Images of the NPi-200 output of PLR parameters after monocular recording of the PLR were collected for each subject and stored in a secure, Health Insurance Portability and Accountability Act (HIPAA)–compliant database. A binocular video recording of the PLR was obtained within the PupilScreen smartphone app via the smartphone camera (native iPhone model 7 and above camera flash used as light stimulus) and uploaded to an encrypted HIPAA-compliant database. The seven morphological PLR curve parameters reported by the PupilScreen smartphone pupillometer were collected for each recording (Table 1), as was the proprietary NPi TBI severity score from the NPi-200 digital infrared pupillometer.
Definitions of Pupillary Light Reflex Parameters
Statistical analysis
We first investigated the differences in the seven PLR parameters (Table 1) between healthy and severe TBI (sTBI) cohorts with the PupilScreen smartphone pupillometer using a one-tailed student's t-test for independent means to aid in study dataset characterization. The same task was also performed using the NPi score produced by the NPi-200 pupillometer and frequently used at our institution for sTBI detection and monitoring. Subsequently, to compare the ability of the smartphone pupillometer to classify the study cohorts and to understand the most important parameters for each classifier, all combinations of averaged right and left eye PLR parameters for the smartphone pupillometer were used as features in logistic regression (LR), k-nearest neighbors (KNN), support-vector machine (SVM), and random forest (RF) classification models. The NPi statistic was separately used as a singular feature to separately train the same types of classification models to determine its performance on the same classification task of differentiating between healthy and sTBI PLR responses with the same set of subjects. All experiments were conducted using scikit-learn in the Python language (version 3.10), and default hyperparameters were used without tuning.

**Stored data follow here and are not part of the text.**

lemma mem_if_dual_cone_nonneg:
  fixes C :: "(real^'n) set"
  assumes "closed C" "convex_cone C" and nonneg: "\<forall>f\<in>dual_cone C. 0 \<le> f \<bullet> z"
  shows "z \<in> C"
proof (rule ccontr)
  assume "z \<notin> C"
  moreover have "convex C"
    using assms(2) by (simp add: convex_cone_def)
  ultimately obtain a b where sep: "a \<bullet> z < b" "\<forall>x\<in>C. b < a \<bullet> x"
    using separating_hyperplane_closed_point assms(1) by blast
  have "b < 0"
    using sep(2) convex_cone_contains_0[OF assms(2)] by auto
  have "a \<in> dual_cone C"
    unfolding dual_cone_def
  proof safe
    fix x assume "x \<in> C"
    show "0 \<le> a \<bullet> x"
    proof (rule ccontr)
      assume neg: "\<not> 0 \<le> a \<bullet> x"
      define c where "c = b / (a \<bullet> x)"
      have "0 \<le> c"
        using neg \<open>b < 0\<close> by (simp add: c_def divide_nonpos_neg)
      then have "b < a \<bullet> (c *\<^sub>R x)"
        using sep(2) assms(2) \<open>x \<in> C\<close> convex_cone_scaleR by blast
      moreover have "a \<bullet> (c *\<^sub>R x) = b"
        using neg by (simp add: c_def)
      ultimately show False by simp
    qed
  qed
  then show False
    using nonneg sep(1) \<open>b < 0\<close> by force
qed

text \<open>contract w z is (Id \<otimes> w) z, with w read as a linear form on R^i \<otimes> R^j.\<close>
definition contract :: "real^('i::finite \<times> 'j::finite) \<Rightarrow> real^(('a::finite \<times> 'i) \<times> 'j) \<Rightarrow> real^'a" where
  "contract w z = (\<chi> a. w \<bullet> slice z a)"

lemma linear_contract: "linear (\<lambda>w. contract w z)"
  by (rule linearI) (simp_all add: contract_def vec_eq_iff inner_add_left)

lemma inner_contract_tensor: "f \<bullet> contract (u \<otimes>\<^sub>v v) z = ((f \<otimes>\<^sub>v u) \<otimes>\<^sub>v v) \<bullet> z"
  by (simp add: contract_def slice_def inner_vec_def tensor_def sum_UNIV_prod sum_distrib_left
      algebra_simps)

lemma contract_mem_cone:
  fixes CA :: "(real^'a::finite) set"
  assumes "closed CA" "convex_cone CA"
    and z: "z \<in> tensor_max (tensor_max CA C2) C3"
    and w: "w \<in> tensor_min (dual_cone C2) (dual_cone C3)"
  shows "contract w z \<in> CA"
proof -
  have "convex ((\<lambda>w. contract w z) -` CA)"
    using assms(2) by (simp add: convex_cone_def convex_linear_vimage linear_contract)
  moreover have "contract (u \<otimes>\<^sub>v v) z \<in> CA" if "u \<in> dual_cone C2" "v \<in> dual_cone C3" for u v
  proof (rule mem_if_dual_cone_nonneg[OF assms(1,2)], intro ballI)
    fix f assume "f \<in> dual_cone CA"
    then have "f \<otimes>\<^sub>v u \<in> dual_cone (tensor_max CA C2)"
      using that(1) by (rule tensor_mem_dual_cone_tensor_max)
    then show "0 \<le> f \<bullet> contract (u \<otimes>\<^sub>v v) z"
      using z that(2) unfolding inner_contract_tensor tensor_max_def by blast
  qed
  ultimately have "tensor_min (dual_cone C2) (dual_cone C3) \<subseteq> (\<lambda>w. contract w z) -` CA"
    unfolding tensor_min_def by (intro hull_minimal) auto
  then show ?thesis
    using w by blast
qed

lemma id_tensor_sum_list:
  assumes "\<And>y. L y = (\<Sum>(S, x)\<leftarrow>ps. (S \<bullet> y) *\<^sub>R x)"
  shows "id_tensor L z = (\<Sum>(S, x)\<leftarrow>ps. contract S z \<otimes>\<^sub>v x)"
  using assms
proof (induction ps arbitrary: L)
  case Nil
  then show ?case by (simp add: vec_eq_iff id_tensor_component)
next
  case (Cons Sx ps)
  obtain S x where "Sx = (S, x)" by fastforce
  let ?R = "\<lambda>y. \<Sum>(S, x)\<leftarrow>ps. (S \<bullet> y) *\<^sub>R x"
  have "id_tensor L z $ p = (contract S z \<otimes>\<^sub>v x) $ p + id_tensor ?R z $ p" for p
    using Cons.prems \<open>Sx = (S, x)\<close> by (simp add: id_tensor_component contract_def tensor_def)
  then show ?case
    using Cons.IH \<open>Sx = (S, x)\<close> by (simp add: vec_eq_iff)
qed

Receiver operating characteristic curves were produced along with mean classification accuracy, area under the curve (AUC), F1 score, sensitivity, and specificity values using the k-fold cross validation method 15 (k = 10) for generating repeated training and testing samples from our dataset. This was completed separately for the binary classification performance (on the healthy vs. sTBI classification task) of PupilScreen's PLR parameters (Table 1) and the binary classification performance (on the same classification task) of the proprietary NPi score that is used to aid in sTBI diagnosis and monitoring and that is produced by the NPi-200 pupillometer. The cross-validation technique includes the use of many different train and test groups to acquire mean accuracy, sensitivity, specificity, AUC, and F1 score metrics. Including multiple different train and test groups in this manner and combining the model outputs across them using this cross-validation technique, aims to reduce the effect of individual train and test group selection on model performance and results to get an accurate representation of the dataset and model classification ability. Shapley additive explanation (SHAP) 16 bee-swarm violin plots were generated to determine how different PLR parameters contributed to the best-performing models. The best-performing PLR parameter combinations for the smartphone pupillometer were determined by greatest overall accuracy and greatest AUC value separately. F1 score was used as a more robust indicator of model performance when compared to overall accuracy in the setting of class imbalance. A p value of <0.05 was considered statistically significant.
Results
Cohort characteristics
A total of n = 33 unique sTBI (defined by GCS 3-8) 17 and n = 132 healthy subjects were enrolled in this study, with n = 98 and n = 132 unique recordings of the PLR, respectively across both devices. Cohort demographics and GCS values are reported (Table 2). All subjects had one or more of the following TBI lesions in one or both cerebral hemispheres at the time of PLR recording: contusion, subdural hematoma, epidural hematoma, traumatic subarachnoid hemorrhage, and intraventricular hemorrhage. Eye colors were 14% green, 25% mixed, 28% blue, and 33% brown. “Mixed” was defined as including multiple colors or a color combination other than brown, blue, or green (i.e., hazel).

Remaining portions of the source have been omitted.